Over the next several months, the reporters collected and examined hundreds of records on suspensions and deaths over the past decade involving the state’s licensed day-care facilities.
Investigating ‘alarming trend’
Those records revealed a sharp spike in deaths in recent years. On average, 10 infants were dying each year in licensed day-care facilities. Many of the deaths were linked to violations of basic state guidelines — covering either infant safe-sleep practices or child supervision ratios — and many were preventable.
“That just led to more questions,” Schrade said Monday. “We wanted to know ‘What’s going on in this system? Why are so many kids dying?’ ”
After the series was published, a state child mortality review panel examined 10 years of data and issued a report that found troubling safety breakdowns, including many deaths that involved sleeping infants who had been placed in unsafe sleep positions or environments. The agency proposed a series of safety improvements, including additional training and oversight, and vowed to bring them before the Legislature this session.

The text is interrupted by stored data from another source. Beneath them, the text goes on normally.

(* Let $C$ and $D$ be reflexive symmetric cycles of lengths $m$ and $n$ respectively, with $4 \leq n \leq m$. For an integer $w$, let $\mathrm{Hom}_w(C,D)$ be the subgraph of $\mathrm{Hom}(C,D)$ induced by the homomorphisms of wind $w$. Then $\mathrm{Hom}_w(C,D)$ consists of (1) a single component if $0 \leq |w| < m/n$; (2) $n$ isolated vertices if $0 < |w| = m/n$; and $\mathrm{Hom}_w(C,D)$ is empty if $m/n < |w|$.
   Context: A digraph is a binary relation $\to$ on a finite vertex set; $uv$ is an arc if $u \to v$, the arc $uu$ is a loop, and a digraph is reflexive if every vertex has a loop. A cycle of length $m\ge 3$ is written $C = c_0c_1\dots c_{m-1}c_0$ (indices mod $m$), its edges being the pairs $c_ic_{i+1}$; it is symmetric if $c_i \to c_{i+1}$ and $c_{i+1}\to c_i$ for every $i$. The cycle $D$ of length $n$ is written $D=(0)(1)\dots(n-1)(0)$, its vertices being the integers mod $n$. A homomorphism $\phi: C \to D$ is a map on vertices with $u \to v$ implying $\phi(u)\to\phi(v)$. $\mathrm{Hom}(C,D)$ is the digraph whose vertices are the homomorphisms $C\to D$, with $\phi \to \phi'$ iff for all $u \to v$ in $C$, $\phi(u) \to \phi'(v)$; components are components of its underlying graph (two maps adjacent if $\phi\to\phi'$ or $\phi'\to\phi$). Under $\phi$, the edge $c_ic_{i+1}$ is increasing, stationary or decreasing according as $\phi(c_{i+1}) - \phi(c_i)$ is $1$, $0$ or $-1$ (mod $n$). The increase of $\phi$ is the number of increasing edges minus the number of decreasing edges, and the wind of $\phi$ is its increase divided by $n$. *)

theory Defs
  imports Complex_Main "HOL-Library.FuncSet"
begin

text \<open>The cycle of length k has vertex set {0..<k} (the integers mod k).
  Reflexive symmetric cycle: u is joined to v iff v = u, v = u+1 or u = v+1 (mod k).\<close>
definition cyc_arc :: "nat \<Rightarrow> nat \<Rightarrow> nat \<Rightarrow> bool" where
  "cyc_arc k u v \<longleftrightarrow> v = u \<or> v = (u + 1) mod k \<or> u = (v + 1) mod k"

definition homs :: "nat \<Rightarrow> nat \<Rightarrow> (nat \<Rightarrow> nat) set" where
  "homs m n = {\<phi> \<in> {0..<m} \<rightarrow>\<^sub>E {0..<n}.
      \<forall>u<m. \<forall>v<m. cyc_arc m u v \<longrightarrow> cyc_arc n (\<phi> u) (\<phi> v)}"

State and county regulators also stepped up enforcement, imposing more fines for providers who ignored safe-sleep practices, and increasing communication to the 11,000 in-home providers across the state.

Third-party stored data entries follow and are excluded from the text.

(* Let $\Phi=\phi_1\wedge\cdots\wedge\phi_m$ be a satisfiable extremal instance, meaning $\Pr_{\mathcal D}(\Phi)>0$. For each $k\in[m]$, the expected number of iterations of $\mathrm{PRS}(\Phi,\mathcal D)$ in which the scope of $\phi_k$ is resampled equals $q_{\{k\}}/q_\emptyset$. This holds for any rule used to choose the false clause.
   Context: Setting: For $i\in[n]$, $X_i$ takes values in a countable set $D_i$ with probability distribution $\mathcal D_i$; $\mathcal D=\prod_i\mathcal D_i$ is the product distribution. $\Phi=\phi_1\wedge\cdots\wedge\phi_m$, where clause $\phi_k$ is a Boolean function of the variables with indices in its nonempty scope $\mathrm{Scp}(\phi_k)\subseteq[n]$. $\Phi$ is extremal if for all $k\neq\ell$ with $\mathrm{Scp}(\phi_k)\cap\mathrm{Scp}(\phi_\ell)\ne\emptyset$, the formula $\phi_k\vee\phi_\ell$ is true under every assignment. Algorithm $\mathrm{PRS}(\Phi,\mathcal D)$: sample $\mathbf X$ from $\mathcal D$. While $\Phi(\mathbf X)$ is false, choose (by any rule) a clause $\phi_k$ false under the current $\mathbf X$ and resample all $X_i$, $i\in\mathrm{Scp}(\phi_k)$, independently from $\mathcal D_i$. Notation: $\Gamma$ is the dependency graph on $[m]$, with $k\sim\ell$ ($k\ne\ell$) iff $\mathrm{Scp}(\phi_k)\cap\mathrm{Scp}(\phi_\ell)\neq\emptyset$. $\mathcal I(\Gamma)$ is its set of independent sets, including $\emptyset$. $p_k=\Pr_{\mathcal D}(\neg\phi_k)$ and $p_I=\prod_{k\in I}p_k$. For $S\subseteq[m]$, $q_S=\sum_{I\in\mathcal I(\Gamma),\,I\supseteq S}(-1)^{|I\setminus S|}p_I$. *)

theory Defs
  imports "HOL-Probability.Probability"
begin

text \<open>Variables are indexed by i < n; an assignment is a function nat => 'a
  (values outside {..<n} are irrelevant).\<close>

type_synonym 'a asg = "nat \<Rightarrow> 'a"

text \<open>History of a run of PRS: the initial assignment together with the list
  of performed resampling steps (clause index, assignment after the step),
  most recent step first.\<close>
type_synonym 'a hist = "'a asg \<times> (nat \<times> 'a asg) list"

definition cur_asg :: "'a hist \<Rightarrow> 'a asg" where
  "cur_asg h = (case snd h of [] \<Rightarrow> fst h | (k, x) # _ \<Rightarrow> x)"

definition Phi :: "nat \<Rightarrow> (nat \<Rightarrow> 'a asg \<Rightarrow> bool) \<Rightarrow> 'a asg \<Rightarrow> bool" where
  "Phi m phi x = (\<forall>k<m. phi k x)"

definition prod_dist :: "nat \<Rightarrow> (nat \<Rightarrow> 'a pmf) \<Rightarrow> 'a asg pmf" where
  "prod_dist n D = Pi_pmf {..<n} undefined D"

definition resample :: "(nat \<Rightarrow> 'a pmf) \<Rightarrow> nat set \<Rightarrow> 'a asg \<Rightarrow> 'a asg pmf" where
  "resample D T x = map_pmf (\<lambda>y i. if i \<in> T then y i else x i) (Pi_pmf T undefined D)"

definition prs_step ::
  "nat \<Rightarrow> (nat \<Rightarrow> 'a asg \<Rightarrow> bool) \<Rightarrow> (nat \<Rightarrow> nat set) \<Rightarrow> (nat \<Rightarrow> 'a pmf)
   \<Rightarrow> ('a hist \<Rightarrow> nat pmf) \<Rightarrow> 'a hist \<Rightarrow> 'a hist pmf" where
  "prs_step m phi S D sel h =
     (if Phi m phi (cur_asg h) then return_pmf h
      else do { k \<leftarrow> sel h; x' \<leftarrow> resample D (S k) (cur_asg h);
                return_pmf (fst h, (k, x') # snd h) })"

Earlier this month, state officials issued a report saying the “alarming trend” of child-care deaths had been stalled, with just one death in the past eight months.
“I’m proud of the paper and I’m proud of the impact we’ve had in this area,” Schrade said Monday of the series, which was edited by Dave Hage. “There are a lot of parents and people who helped tell the story and were courageous about speaking about the most painful thing a parent can go through.”
The Star Tribune last won a Pulitzer in 1990 for a two-part series that exposed an industry profiting from arson and suspicious fires.